Not one bit, romance = naiveté.


----------



## BelovedDay (Feb 7, 2013)

Yes, I'm a hopeless romantic. 

I fell in love (unknowingly) to my ESFP bestfriend when I was in high school. I gave up 2 chess tournaments, 2 quiz bee and 2 spelling bee just so he can idiotically gloat on his non-existent effort of winning against me. At the end of the day I'm guessing why I let that happen, but it always makes me smile that he's very happy on those small things.

I had a girlfriend once because I want feel something new, and somehow I ended screwing it up, with her saying that "You deserve someone better than me.".

Now, I'm crushing on this IxxJ guy who's always on the run. My friends said I'm a bit scary when crushing on someone, because they heard me saying this guy's schedule even though he's not our classmate.


----------



## AvocatInTraining (Nov 18, 2012)

Aw this thread makes me feel all gooey inside...NOT 

But yeah I agree, I take the piss out of pathetic romcoms and roll my eyes at the cheesiness of dramas on TV, but I do find myself yearning for love secretly, way, WAY freaking down inside, I'd never let any of my friends know this, I'm telling you guys because I'm anonymous


----------



## phila (Jan 21, 2013)

Adrianl said:


> My imagination (and thinking speed) reaches a whole new level when I have a crush on someone... Doesn't happen too often though, but when it does, I get quite creative...


what do you mean by creative??!


----------



## slender (Sep 28, 2012)

oh yes. i tend to turn into this hopeless romantic around people who i absolutely adore. one example is one INFP i think who had said that someone who was ugly was their cousin, or something along those lines, so i told her "they can't possibly be your cousin then", hinting at her beauty, and it took her a while. soyes, i completely turn into a hopeless romantic.


----------



## Adrianl (Apr 12, 2012)

phila said:


> what do you mean by creative??!


Well, I can't exactly say for certain as there's rarely just one way... 

I usually pay more attention to the person I like, and am able to tie all sort of things in my head... So I usually end up planning small things or phrasing sentences in such a way that it gives certain conversations a better twist. Or I end up making something artistic or preparing a dinner or planning a moonlit escape in a park. 

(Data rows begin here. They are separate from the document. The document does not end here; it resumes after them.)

(* Let $G$ be a finite undirected graph and $\tau\ge1$ an integer. Run the following procedure. Maintain a current graph $H$, initially $H=G$, and a stored value $s(e)$ for each edge, initially $s(e)=\mathrm{sup}_\tau(e,G)$ for every $e\in E(G)$. While $H$ has at least one edge: set $k:=\min_{e\in E(H)} s(e)+2$; then, while there exists an edge $e=(u,v)\in E(H)$ with $s(e)\le k-2$, pick any such edge, assign $\phi(e):=k$, let $H_{\mathrm{old}}:=H$, delete the edge $e$ from $H$, and for every edge $e'=(u',v')\in E(H)$ with $u',v'\in\{u\}\cup\{v\}\cup\Delta_\tau(e,H_{\mathrm{old}})$ and $s(e')>k-2$, reset $s(e'):=\mathrm{sup}_\tau(e',H)$. Then, when the procedure terminates, every edge $e\in E(G)$ has been assigned exactly once and $\phi(e)=\phi_\tau(e,G)$, regardless of the choices made.
   Context: Graphs are finite, simple, undirected and unweighted; paths may repeat vertices and their length is the number of edges. For vertices $v,u$ of a graph $H$, $u$ is $\tau$-hop reachable from $v$ in $H$ if there is a path between them in $H$ of length at most $\tau$. $N_\tau(v,H)$ is the set of vertices $u\ne v$ that are $\tau$-hop reachable from $v$ in $H$. For an edge $e=(u,v)$ of $H$, $\Delta_\tau(e,H)=N_\tau(u,H)\cap N_\tau(v,H)$ and $\mathrm{sup}_\tau(e,H)=|\Delta_\tau(e,H)|$. The $(k,\tau)$-truss of $G$ is the maximal subgraph $G'$ of $G$ such that $\mathrm{sup}_\tau(e,G')\ge k-2$ for every edge $e\in E(G')$ (supports computed inside $G'$) and no more edges of $G$ can be added while keeping this property; a subgraph is determined by its edge set. The higher-order truss number $\phi_\tau(e,G)$ of an edge $e$ is the maximum $k$ such that $e$ belongs to the $(k,\tau)$-truss of $G$. *)

theory Defs
  imports Main
begin

text \<open>A graph is given by its edge set: a set of 2-element vertex sets.
  A walk in H is a nonempty vertex list whose consecutive entries are adjacent in H;
  its length is (number of vertices - 1).\<close>

definition walk :: "'a set set \<Rightarrow> 'a list \<Rightarrow> bool" where
  "walk H xs \<longleftrightarrow> xs \<noteq> [] \<and> (\<forall>i. Suc i < length xs \<longrightarrow> {xs ! i, xs ! Suc i} \<in> H)"

definition hop_reach :: "nat \<Rightarrow> 'a set set \<Rightarrow> 'a \<Rightarrow> 'a \<Rightarrow> bool" where
  "hop_reach \<tau> H v u \<longleftrightarrow>
     (\<exists>xs. walk H xs \<and> hd xs = v \<and> last xs = u \<and> length xs - 1 \<le> \<tau>)"

definition Nbh :: "nat \<Rightarrow> 'a \<Rightarrow> 'a set set \<Rightarrow> 'a set" where
  "Nbh \<tau> v H = {u. u \<noteq> v \<and> hop_reach \<tau> H v u}"

definition Delta :: "nat \<Rightarrow> 'a set \<Rightarrow> 'a set set \<Rightarrow> 'a set" where
  "Delta \<tau> e H = (\<Inter>x\<in>e. Nbh \<tau> x H)"

definition supp :: "nat \<Rightarrow> 'a set \<Rightarrow> 'a set set \<Rightarrow> nat" where
  "supp \<tau> e H = card (Delta \<tau> e H)"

Well, this is just off the top of my mind...


----------



## iowagal22 (Dec 17, 2012)

devoid said:


> Or when an ENTP meets that rare person who catches their breath, creates a complex plot for the perfect seduction, then ends up flailing around like an idiot tripping over themselves when it comes to approaching them.

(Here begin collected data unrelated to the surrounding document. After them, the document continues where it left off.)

(* Assume the setup in the context. For $i\in\{n-2,n-1\}$ with $P(T=i)>0$, we have $P(|S|\le1\mid T=i)\ge\frac12$, where $S:=\sum_{j=1}^n v_j\epsilon_j$.
   Context: Let $n\ge4$ and let $v_1,\dots,v_n$ be real numbers with $\sum_{i=1}^n v_i^2\le1$ ordered so that $v_n\ge v_1\ge v_{n-1}\ge v_2\ge v_3\ge\cdots\ge v_{n-2}\ge0$. Let $\epsilon_1,\dots,\epsilon_n$ be independent Rademacher random variables ($\pm1$ with probability $\tfrac12$ each). For $t\in\{1,\dots,n-1\}$ put $X_t:=\sum_{i=1}^t v_i\epsilon_i$. Define the random time $T:=\min\big(\{t\le n-1: |X_t|>1-v_{t+1}\}\cup\{n-1\}\big)$. *)

theory Defs
  imports "HOL-Probability.Probability"
begin

definition rademacher :: "nat \<Rightarrow> (nat \<Rightarrow> real) pmf" where
  "rademacher n = pmf_of_set (PiE {1..n} (\<lambda>_. {-1, 1}))"

definition partS :: "(nat \<Rightarrow> real) \<Rightarrow> nat \<Rightarrow> (nat \<Rightarrow> real) \<Rightarrow> real" where
  "partS v t eps = (\<Sum>i=1..t. v i * eps i)"

definition stopT :: "nat \<Rightarrow> (nat \<Rightarrow> real) \<Rightarrow> (nat \<Rightarrow> real) \<Rightarrow> nat" where
  "stopT n v eps = Min ({t \<in> {1..n-1}. \<bar>partS v t eps\<bar> > 1 - v (t+1)} \<union> {n-1})"

end

theory Submission
  imports Defs
begin

text \<open>Flipping the last sign \<open>\<epsilon>_n\<close> preserves the uniform measure and leaves \<open>T\<close>
  unchanged, as \<open>T\<close> only depends on the first \<open>n - 1\<close> signs. On \<open>{T = i}\<close> the walk
  has not left the region \<open>|X_t| \<le> 1 - v_(t+1)\<close> before time \<open>n - 2\<close>, which forces
  \<open>|X_(n-1)| \<le> 1 + v_(n-1) \<le> 1 + v_n\<close>. As \<open>|v_n| \<le> 1\<close>, one of the two values
  \<open>X_(n-1) \<plusminus> v_n\<close> lies in \<open>[-1, 1]\<close>, so the flip maps the outcomes in \<open>{T = i}\<close>
  with \<open>|S| > 1\<close> injectively to outcomes with \<open>|S| \<le> 1\<close>.\<close>

lemma card_le_twice_card_of_inj_on_Diff:
  assumes "finite A" "G \<subseteq> A" "inj_on f (A - G)" "f ` (A - G) \<subseteq> G"
  shows "card A \<le> 2 * card G"
proof -
  have "card (A - G) \<le> card G"
    using assms by (intro card_inj_on_le) (auto intro: finite_subset)
  moreover have "card A = card G + card (A - G)"
    using assms(1,2) by (metis card_Diff_subset card_mono finite_subset le_add_diff_inverse)
  ultimately show ?thesis by linarith
qed

lemma cond_prob_pmf_of_set_ge_half_of_involution:
  fixes \<Omega> :: "'a set" and f :: "'a \<Rightarrow> 'a"
  assumes "finite \<Omega>" "\<Omega> \<noteq> {}"
    and f_into: "\<And>x. x \<in> \<Omega> \<Longrightarrow> f x \<in> \<Omega>"
    and f_invol: "\<And>x. x \<in> \<Omega> \<Longrightarrow> f (f x) = x"
    and Q_f: "\<And>x. x \<in> \<Omega> \<Longrightarrow> Q x \<Longrightarrow> Q (f x)"
    and P_or_P_f: "\<And>x. x \<in> \<Omega> \<Longrightarrow> Q x \<Longrightarrow> P x \<or> P (f x)"
    and Q_pos: "\<P>(x in measure_pmf (pmf_of_set \<Omega>). Q x) > 0"
  shows "\<P>(x in measure_pmf (pmf_of_set \<Omega>). P x \<bar> Q x) \<ge> 1/2"
proof -
  define A where "A = {x \<in> \<Omega>. Q x}"
  define G where "G = {x \<in> \<Omega>. P x \<and> Q x}"
  have prob_eq: "\<P>(x in measure_pmf (pmf_of_set \<Omega>). R x) = card {x \<in> \<Omega>. R x} / card \<Omega>"
    for R :: "'a \<Rightarrow> bool"
    using assms(1,2) by (simp add: measure_pmf_of_set Int_def)
  have "card A \<le> 2 * card G"
  proof (rule card_le_twice_card_of_inj_on_Diff)
    show "inj_on f (A - G)"
      unfolding A_def by (rule inj_on_inverseI[where g = f]) (auto intro: f_invol)
    show "f ` (A - G) \<subseteq> G"
      unfolding A_def G_def using f_into f_invol Q_f P_or_P_f by fastforce
  qed (use assms(1) in \<open>auto simp: A_def G_def\<close>)
  moreover have "card A > 0"
    using Q_pos unfolding prob_eq by (simp add: A_def zero_less_divide_iff)
  ultimately show ?thesis
    unfolding cond_prob_def prob_eq A_def[symmetric] G_def[symmetric] conj_commute[of "Q _"]
    using assms(1,2) by (simp add: card_gt_0_iff field_simps)
qed

lemma abs_add_or_diff_le_1:
  fixes x y :: real
  assumes "\<bar>x\<bar> \<le> 1 + \<bar>y\<bar>" "\<bar>y\<bar> \<le> 1"
  shows "\<bar>x + y\<bar> \<le> 1 \<or> \<bar>x - y\<bar> \<le> 1"
  using assms by linarith

lemma abs_eq_1_if_in_sign_vectors:
  fixes eps :: "nat \<Rightarrow> real"
  assumes "eps \<in> PiE {1..n} (\<lambda>_. {-1, 1})" "j \<in> {1..n}"
  shows "\<bar>eps j\<bar> = 1"
  using PiE_mem[OF assms] by auto

lemma partS_Suc: "partS v (Suc t) eps = partS v t eps + v (Suc t) * eps (Suc t)"
  unfolding partS_def by (simp add: sum.cl_ivl_Suc)

lemma abs_partS_Suc_le:
  assumes "\<bar>eps (Suc t)\<bar> = 1"
  shows "\<bar>partS v (Suc t) eps\<bar> \<le> \<bar>partS v t eps\<bar> + \<bar>v (Suc t)\<bar>"
proof -
  have "\<bar>v (Suc t) * eps (Suc t)\<bar> = \<bar>v (Suc t)\<bar>"
    using assms by (simp add: abs_mult)
  then show ?thesis
    unfolding partS_Suc using abs_triangle_ineq[of "partS v t eps" "v (Suc t) * eps (Suc t)"]
    by linarith
qed

lemma partS_fun_upd_ge: "t < k \<Longrightarrow> partS v t (eps(k := x)) = partS v t eps"
  unfolding partS_def by (intro sum.cong) auto

lemma stopT_fun_upd: "stopT n v (eps(n := x)) = stopT n v eps"
  unfolding stopT_def
  by (rule arg_cong[where f = "\<lambda>S. Min (S \<union> {n - 1})"]) (auto simp: partS_fun_upd_ge)

lemma abs_partS_le_before_stopT:
  assumes "1 \<le> t" "t < stopT n v eps"
  shows "\<bar>partS v t eps\<bar> \<le> 1 - v (Suc t)"
proof (rule ccontr)
  assume "\<not> ?thesis"
  then have "stopT n v eps \<le> t"
    using assms unfolding stopT_def by (intro Min_le) auto
  with assms(2) show False by simp
qed

lemma abs_partS_before_last_le:
  assumes "4 \<le> n" "0 \<le> v (n - 2)" "0 \<le> v (n - 1)"
    and eps: "eps \<in> PiE {1..n} (\<lambda>_. {-1, 1})"
    and T: "stopT n v eps \<in> {n - 2, n - 1}"
  shows "\<bar>partS v (n - 1) eps\<bar> \<le> 1 + v (n - 1)"
proof -
  have idx: "Suc (n - 3) = n - 2" "Suc (n - 2) = n - 1"
    using assms(1) by auto
  have "\<bar>eps (n - 2)\<bar> = 1" "\<bar>eps (n - 1)\<bar> = 1"
    using abs_eq_1_if_in_sign_vectors[OF eps] assms(1) by simp_all
  then have step: "\<bar>partS v (n - 2) eps\<bar> \<le> \<bar>partS v (n - 3) eps\<bar> + v (n - 2)"
      "\<bar>partS v (n - 1) eps\<bar> \<le> \<bar>partS v (n - 2) eps\<bar> + v (n - 1)"
    using abs_partS_Suc_le[of eps "n - 3" v, unfolded idx]
      abs_partS_Suc_le[of eps "n - 2" v, unfolded idx] assms(2,3) by simp_all
  have "\<bar>partS v (n - 2) eps\<bar> \<le> 1"
  proof (cases "stopT n v eps = n - 1")
    case True
    then have "\<bar>partS v (n - 2) eps\<bar> \<le> 1 - v (n - 1)"
      using abs_partS_le_before_stopT[of "n - 2" n v eps, unfolded idx] assms(1) by simp
    with assms(3) show ?thesis by linarith
  next
    case False
    with T have "\<bar>partS v (n - 3) eps\<bar> \<le> 1 - v (n - 2)"
      using abs_partS_le_before_stopT[of "n - 3" n v eps, unfolded idx] assms(1) by simp
    with step(1) show ?thesis by linarith
  qed
  with step(2) show ?thesis by linarith
qed

lemma abs_partS_or_last_flipped_le_1:
  assumes "4 \<le> n" "0 \<le> v (n - 2)" "0 \<le> v (n - 1)" "v (n - 1) \<le> \<bar>v n\<bar>" "\<bar>v n\<bar> \<le> 1"
    and eps: "eps \<in> PiE {1..n} (\<lambda>_. {-1, 1})"
    and T: "stopT n v eps \<in> {n - 2, n - 1}"
  shows "\<bar>partS v n eps\<bar> \<le> 1 \<or> \<bar>partS v n (eps(n := - eps n))\<bar> \<le> 1"
proof -
  have idx: "Suc (n - 1) = n"
    using assms(1) by simp
  have "\<bar>eps n\<bar> = 1"
    using abs_eq_1_if_in_sign_vectors[OF eps] assms(1) by simp
  then have "\<bar>v n * eps n\<bar> = \<bar>v n\<bar>"
    by (simp add: abs_mult)
  moreover have "\<bar>partS v (n - 1) eps\<bar> \<le> 1 + \<bar>v n\<bar>"
    using abs_partS_before_last_le[OF assms(1-3) eps T] assms(4) by linarith
  ultimately have
    "\<bar>partS v (n - 1) eps + v n * eps n\<bar> \<le> 1 \<or> \<bar>partS v (n - 1) eps - v n * eps n\<bar> \<le> 1"
    using abs_add_or_diff_le_1 assms(5) by metis
  moreover have "partS v n eps = partS v (n - 1) eps + v n * eps n"
    using partS_Suc[of v "n - 1" eps, unfolded idx] .
  moreover have "partS v n (eps(n := - eps n)) = partS v (n - 1) eps - v n * eps n"
    using partS_Suc[of v "n - 1" "eps(n := - eps n)", unfolded idx] assms(1)
    by (simp add: partS_fun_upd_ge)
  ultimately show ?thesis by simp
qed

theorem mainTheorem8:
  fixes n :: nat and v :: "nat \<Rightarrow> real" and i :: nat
  assumes "n \<ge> 4"
    and "(\<Sum>j=1..n. (v j)^2) \<le> 1"
    and "v 1 \<le> v n" and "v (n-1) \<le> v 1" and "v 2 \<le> v (n-1)"
    and "\<And>j. 2 \<le> j \<Longrightarrow> j < n-2 \<Longrightarrow> v (j+1) \<le> v j"
    and "v (n-2) \<ge> 0"
    and "i \<in> {n-2, n-1}"
    and "\<P>(eps in measure_pmf (rademacher n). stopT n v eps = i) > 0"
  shows "\<P>(eps in measure_pmf (rademacher n). \<bar>partS v n eps\<bar> \<le> 1 \<bar> stopT n v eps = i) \<ge> 1/2"
proof -
  have "v (n - 2) \<le> v 2"
    using lift_Suc_antimono_le_ivl[of "{2..<n-2}" v 2 "n - 2"] assms(1,6) by force
  then have v_n1_nonneg: "0 \<le> v (n - 1)"
    using assms(5,7) by linarith
  have "(v n)^2 \<le> (\<Sum>j=1..n. (v j)^2)"
    using assms(1) by (intro member_le_sum) auto
  then have "(v n)^2 \<le> 1"
    using assms(2) by linarith
  then have v_n_le_1: "\<bar>v n\<bar> \<le> 1"
    by (simp add: abs_square_le_1)
  show ?thesis
    unfolding rademacher_def
  proof (rule cond_prob_pmf_of_set_ge_half_of_involution[where f = "\<lambda>eps. eps(n := - eps n)"])
    fix eps :: "nat \<Rightarrow> real"
    assume eps: "eps \<in> PiE {1..n} (\<lambda>_. {-1, 1})" and T: "stopT n v eps = i"
    show "\<bar>partS v n eps\<bar> \<le> 1 \<or> \<bar>partS v n (eps(n := - eps n))\<bar> \<le> 1"
      using abs_partS_or_last_flipped_le_1[OF assms(1,7) v_n1_nonneg _ v_n_le_1 eps]
        assms(3,4,8) T by fastforce
  qed (use assms(1,9) in \<open>auto simp: rademacher_def stopT_fun_upd PiE_iff PiE_eq_empty_iff
      extensional_def intro: finite_PiE\<close>)
qed

end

Wow. I can relate to this.

I don't crush often, but when I do, it's like I have unlocked access to a whole other dimension of my personality. My usually sarcastic, rational self suddenly becomes complimentary, affectionate, and soft. I'm not used to feeling that way, so I get thrown off balance and end up making a great fool out of myself.


----------



## Persephone (Nov 14, 2009)

chaoticbrain said:


> Same here, I think i've only had two "crushes" in my life, but they were intense.


That's about my number of "crushes", although I would use a stronger word for that. And ironically I never even got with these two. And years later I'm still hopelessly attracted to them. It's like once I'm in, I'm in for good.


----------



## theironraven (Mar 26, 2011)

Well, I only had a crush and never made a move or hinting something that I do have. 
I once thought of having him as mine though but nah.. awkward turtles.

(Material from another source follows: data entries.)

(* Assume the new-symbol weights are of product form $w^t_i=u(i)\,v(m_t)$. Let $x_{1:n}\in\mathcal X^n$ ($n\ge1$) have used alphabet size $m$ and counts $n_j$. Then the redundancy of the adaptive model $S^{\vec\beta^*}$ satisfies $$R^{\vec\beta^*}_S(x_{1:n}) \le \mathrm{CL}_w(\mathcal A) - (m-1)\ln m + \sum_{j\in\mathcal A}\tfrac12\ln n_j - \tfrac12\ln n + \tfrac32\,m\ln\ln\frac{2n}{m} + 2.33\,m + 0.86 .$$
   Context: Let $\mathcal X$ be a finite base alphabet. For $x_{1:n}\in\mathcal X^n$, let $n_i$ be the number of occurrences of $i$ in $x_{1:n}$, $\mathcal A=\{x_1,\dots,x_n\}$, $m=|\mathcal A|$. For $0\le t\le n$ let $\mathcal A_t=\{x_1,\dots,x_t\}$ ($\mathcal A_0=\emptyset$), $m_t=|\mathcal A_t|$, $n^t_i$ the number of occurrences of $i$ in $x_{1:t}$. Product-form weights: $u:\mathcal X\to(0,\infty)$ and $v:\{0,1,\dots\}\to(0,\infty)$ such that $w^t_i:=u(i)v(m_t)$ satisfies $\sum_{k\in\mathcal X\setminus\mathcal A_t}w^t_k\le1$ for all $t$. Adaptive model: $\beta^*_t:=m_t/\ln\frac{t+1}{m_t}$ for $t\ge1$, and $\beta^*_0\in(0,\infty)$ arbitrary; $S^{\vec\beta^*}(x_{t+1}=i\mid x_{1:t})=n^t_i/(t+\beta^*_t)$ if $n^t_i>0$ and $\beta^*_t w^t_i/(t+\beta^*_t)$ if $n^t_i=0$; $S^{\vec\beta^*}(x_{1:n})=\prod_{t=0}^{n-1}S^{\vec\beta^*}(x_{t+1}\mid x_{1:t})$. $\mathrm{CL}_w(\mathcal A):=\sum_{t\in\{0,\dots,n-1\}:\,x_{t+1}\notin\mathcal A_t}\ln(1/w^t_{x_{t+1}})$. Redundancy $R^{\vec\beta^*}_S(x_{1:n}):=\ln\big(n^{-n}\prod_{j\in\mathcal A}n_j^{n_j}\big)-\ln S^{\vec\beta^*}(x_{1:n})$. Natural logarithms. *)

theory Defs
  imports "HOL-Analysis.Analysis"
begin

text \<open>A sequence x_{1:n} is a list xs of length n; x_{t+1} = xs ! t.\<close>

definition alph :: "'a list \<Rightarrow> nat \<Rightarrow> 'a set" where
  "alph xs t = set (take t xs)"

definition msz :: "'a list \<Rightarrow> nat \<Rightarrow> nat" where
  "msz xs t = card (alph xs t)"

definition cnt :: "'a list \<Rightarrow> nat \<Rightarrow> 'a \<Rightarrow> nat" where
  "cnt xs t i = length (filter (\<lambda>y. y = i) (take t xs))"

definition wt :: "('a \<Rightarrow> real) \<Rightarrow> (nat \<Rightarrow> real) \<Rightarrow> 'a list \<Rightarrow> nat \<Rightarrow> 'a \<Rightarrow> real" where
  "wt u v xs t i = u i * v (msz xs t)"

definition beta_star :: "real \<Rightarrow> 'a list \<Rightarrow> nat \<Rightarrow> real" where
  "beta_star b0 xs t = (if t = 0 then b0
     else real (msz xs t) / ln (real (t + 1) / real (msz xs t)))"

But then, the same person said that after his engagement, (because of a dare) he confessed that he secretly liked me, he was physically there all the time, as his hint and said that I am so numb because I failed to notice his way of affection. 

He's an INTJ


----------



## Delilah (Nov 11, 2012)

I went in to a relationship with INTJ bf accepting that I would likely never get much emotional connection or 'fuzzy stuff' from him. I was surprised to learn that he is extremely emotional and very romantic <3 Naw. <blush>


----------



## Doc Dangerstein (Mar 8, 2013)

if (girl == hot && amazing)
{
purge (brain, heart.oilchange(emopoetry));
conspire.evilplan (seduction);
}
else heart.mopeandcry(hugpillow);


Perhaps, it's that hopeless romanticism that makes life worth living. My guilty pleasure is that of the hopeless INTP. When I like somebody, I become a daydreamer. I used stare out classroom windows or gaze into the cardioid reflection in my coffee cup as it becomes cold and bitter as my heart. My imagination works in overdrive, I start to imagine all the really incredible things we could do on dates, except I would never call them dates, but rather, adventures. During my less confident teenage years, I would grab a book, read a couple page and let my mind wonder. I'm also guilty of the ENTP's pleasure; I would conjure the perfect seduction plan just to have it hopelessly fall appart. I could see myself doing this today, in my 30s, if my environment supplied me with an abundance of wonderful women to crush on.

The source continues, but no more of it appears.